Last year, New York’s saltwater license generated $2.4 million. According to the Governor’s budget office, the state will lose an estimated $1.4 million in federal sportfishing aid that was anticipated in 2012-13. Furthermore, the Bureau of Marine Resources will be required to expend a significant amount of staff time and money on the free registry. That will take resources away from critical research, management and habitat conservation programs, not to mention law enforcement.
The funds to pay for the creation and maintenance of the registry will likely have to come from NY’s Conservation Fund. In other words, the state’s hunters and freshwater anglers who, for decades, paid a license fee into the Conservation Fund will see a reduction in services that benefit freshwater fish and game diverted so that salt water anglers won’t have to pay for a license.
Certainly there’s been discussion in both NJ and NY about other ways to fund their marine bureaus. A specialty license plate and a scratch-off lottery are among the top prospects advocated by the “free” registry folks. Yet, in New York, a marine-resources license plate has been offered for years. Very few people know about it and even fewer buy it. If anglers won't pay $10 for a license, it’s not reasonable to believe they would buy a more expensive license plate.
A lottery has practical problems. There are already plenty of lottery offerings in both states, backed by an active advertising program. It’s unlikely that states would promote a competing lottery so that a few fairly well-to-do anglers can play for free. And to the extent that people are aware of what they're buying, it’s likely that they would rather buy the tickets that support education, which at least in theory, provide a little tax relief.
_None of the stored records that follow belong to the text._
lemma extremal_logderiv:
  assumes n: "n \<ge> 1"
  shows "classA (extremal n)" "\<And>z. z \<noteq> 0 \<Longrightarrow> extremal n z \<noteq> 0"
    "\<forall>z. z * deriv (extremal n) z = phi0 (z ^ n) * extremal n z"
proof -
  define N where "N = (\<lambda>t::complex. t ^ n + cosh (t ^ n) - 1)"
  have "N holomorphic_on UNIV"
    unfolding N_def by (rule analytic_imp_holomorphic) (intro analytic_intros)
  moreover have "N 0 = 0"
    using n by (simp add: N_def power_0_left)
  moreover have "extremal n = (\<lambda>z. z * exp (contour_integral (linepath 0 z) (\<lambda>t. N t / t)))"
    by (simp add: extremal_def N_def fun_eq_iff)
  ultimately have hol: "extremal n holomorphic_on UNIV" and E0: "extremal n 0 = 0"
    and E'0: "deriv (extremal n) 0 = 1" and nz: "\<And>z. z \<noteq> 0 \<Longrightarrow> extremal n z \<noteq> 0"
    and logderiv: "\<And>z. z * deriv (extremal n) z = (1 + N z) * extremal n z"
    using z_exp_contour_integral_logderiv[of N] by simp_all
  show "classA (extremal n)"
    unfolding classA_def using holomorphic_on_subset[OF hol] E0 E'0 by blast
  show "\<And>z. z \<noteq> 0 \<Longrightarrow> extremal n z \<noteq> 0"
    by (fact nz)
  show "\<forall>z. z * deriv (extremal n) z = phi0 (z ^ n) * extremal n z"
    using logderiv by (simp add: phi0_def N_def)
qed

lemma extremal_in_Sstar_ch:
  assumes n: "n \<ge> 1"
  shows "Sstar_ch (extremal n)"
proof (rule Sstar_chI[OF extremal_logderiv(1)[OF n]])
  show "extremal n z \<noteq> 0" if "z \<in> unit_disk - {0}" for z
    using that extremal_logderiv(2)[OF n] by blast
  show "(\<lambda>z. z ^ n) holomorphic_on unit_disk"
    by (intro holomorphic_intros)
  show "(0::complex) ^ n = 0"
    using n by (simp add: power_0_left)
  show "norm (z ^ n) < 1" if "z \<in> unit_disk" for z :: complex
    using that n by (simp add: norm_power power_less_one_iff)
  show "\<forall>z\<in>unit_disk. z * deriv (extremal n) z = phi0 (z ^ n) * extremal n z"
    using extremal_logderiv(3)[OF n] by blast
qed

lemma log_coeff_extremal:
  assumes n: "n \<in> {1, 2, 3}"
  shows "log_coeff (extremal n) n = 1 / (2 * of_nat n)"
proof -
  have n1: "n \<ge> 1"
    using n by auto
  have E: "extremal n holomorphic_on unit_disk" "extremal n 0 = 0" "deriv (extremal n) 0 = 1"
    using extremal_logderiv(1)[OF n1] by (simp_all add: classA_def)
  have pow: "(\<lambda>z. z ^ n) holomorphic_on unit_disk" "(0::complex) ^ n = 0"
    using n1 by (auto intro!: holomorphic_intros simp: power_0_left)
  have "\<forall>z\<in>unit_disk. z * deriv (extremal n) z = phi0 (z ^ n) * extremal n z"
    using extremal_logderiv(3)[OF n1] by blast
  note \<gamma> = log_coeff_phi0_subordinate[OF E pow this]
  have "fps_expansion (\<lambda>z. z ^ n) 0 = fps_X ^ n"
    by (rule fps_expansion_eqI) (rule has_fps_expansion_fps_X_power)
  with n show ?thesis
    using \<gamma> by auto
qed

theorem theorem2p1:
  shows "(\<forall>f. Sstar_ch f \<longrightarrow>
            (\<forall>n\<in>{1,2,3::nat}. norm (log_coeff f n) \<le> 1 / (2 * real n)))
       \<and> (\<forall>n\<in>{1,2,3::nat}. Sstar_ch (extremal n) \<and>
            norm (log_coeff (extremal n) n) = 1 / (2 * real n))"
proof (intro conjI ballI allI impI)
  show "norm (log_coeff f n) \<le> 1 / (2 * real n)" if "Sstar_ch f" "n \<in> {1, 2, 3}" for f n
    using Sstar_ch_log_coeff_bound that by blast
  fix n :: nat
  assume n: "n \<in> {1, 2, 3}"
  then show "Sstar_ch (extremal n)"
    by (intro extremal_in_Sstar_ch) auto
  show "norm (log_coeff (extremal n) n) = 1 / (2 * real n)"
    using log_coeff_extremal[OF n] by (simp add: norm_divide)
qed

end
lemma vsemigroup_gen_subset_UN_funpow:
  assumes "X \<subseteq> A \<union> Z" "replicate n 0 \<in> Z" "A \<subseteq> {x. length x = n}"
    and "\<And>x y. x \<in> Z \<Longrightarrow> y \<in> Z \<Longrightarrow> vadd x y \<in> Z"
  shows "vsemigroup_gen X \<subseteq> (\<Union>j. (vset_add A ^^ j) Z)"
proof
  fix x assume "x \<in> vsemigroup_gen X"
  then show "x \<in> (\<Union>j. (vset_add A ^^ j) Z)"
  proof (induction rule: vsemigroup_gen.induct)
    case (gen x)
    show ?case
    proof (cases "x \<in> A")
      case True
      then have "vadd x (replicate n 0) \<in> (vset_add A ^^ 1) Z"
        using assms(2) by (auto intro: vset_addI)
      then have "x \<in> (vset_add A ^^ 1) Z" using True assms(3) by auto
      then show ?thesis by blast
    next
      case False
      then have "x \<in> (vset_add A ^^ 0) Z" using gen assms(1) by auto
      then show ?thesis by blast
    qed
  next
    case (add x y)
    then obtain i j where "x \<in> (vset_add A ^^ i) Z" "y \<in> (vset_add A ^^ j) Z" by blast
    then have "vadd x y \<in> (vset_add A ^^ (i + j)) Z" using vadd_mem_funpow_vset_add[OF assms(4)] by blast
    then show ?case by blast
  qed
qed

lemma vadd_pos:
  assumes "replicate n 0 < x" "replicate n 0 < y" "length x = n" "length y = n"
  shows "replicate n 0 < vadd x y"
proof -
  have "y < vadd x y" using vadd_strict_mono_left[OF assms(1)] assms(2-4) by simp
  then show ?thesis using assms(2) by order
qed

lemma hd_lower_bound:
  assumes wo: "wfp_on A (<)" and pos: "\<And>a. a \<in> A \<Longrightarrow> a \<noteq> [] \<and> 0 < hd a"
  obtains d :: real where "0 < d" "\<And>a. a \<in> A \<Longrightarrow> d \<le> hd a"
proof (cases "A = {}")
  case False
  then obtain a0 where a0: "a0 \<in> A" "\<And>a. a \<in> A \<Longrightarrow> a0 \<le> a"
    using wfp_on_less_ex_least[OF wo] by blast
  have "hd a0 \<le> hd a" if "a \<in> A" for a
    using a0 that pos by (intro hd_le_hd) auto
  then show ?thesis using that[of "hd a0"] a0(1) pos by blast
qed (use that[of 1] in simp)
Lastly, and perhaps most important, any funding source short of a saltwater license is NOT protected from being raided by politicians for other uses. Despite what the license opponents say, saltwater license funds are protected by the US Fish & Wildlife Service, which will withhold or demand payment of federal matching funds if license money is misused. Furthermore, funds raised by either alternative funding source would not qualify for such matching funds, so would not produce anywhere near the same net revenues.
Despite all of this, there are folks pushing a “free” registry on other states such as New Hampshire and even Florida. (Maine recently instituted what’s arguably a “free” registry, but they charge an administration fee, plus a fee for a striped bass stamp and an out of state fee). Such states should take note of the problems NJ and NY are faced with. Given the current financial straits most states are in, this is not the time to abandon a fair, inexpensive revenue-generating source of revenues needed to manage our fisheries. The free registry might win points for opportunistic politicians in the short term; however, the stable funding source that a saltwater fishing license provides is the obvious and intelligent way to protect the public interest.
What this all boils down to is that nothing is free anymore. “Anyone who still believes fishing is a fundamental right in this and day and age is living in dreamland”, said Fisherman editor Fred Golofaro in a recent editorial. Increasing pressure on marine resources, a lot of which comes from anglers, requires science-based regulations and that takes gear and manpower, and that costs money. “It’s embarrassing,” admits CCA NY Vice Chair, Charles Witek. “Anglers used to care about good fisheries management. Today, there are a few very loud people who appeal to everything that is small, selfish and mean in the salt water fishing community. The same people who want to see the license repealed are the people who oppose conservation measures and attack fisheries scientists. They want managers to give them everything, but don’t want to give anything back.”
Despite what saltwater license opponents claim, licensing requirements have not reduced the number of anglers in states like Florida, South Carolina, North Carolina. Anglers in those states generally embrace the license, because they see how license money benefits recreational fishing, paying for access, research and even hatcheries for saltwater fish. If we hope to see better data, law enforcement and access, we will simply and justifiably have to pay for it. If we don’t we will certainly pay a worse price later on.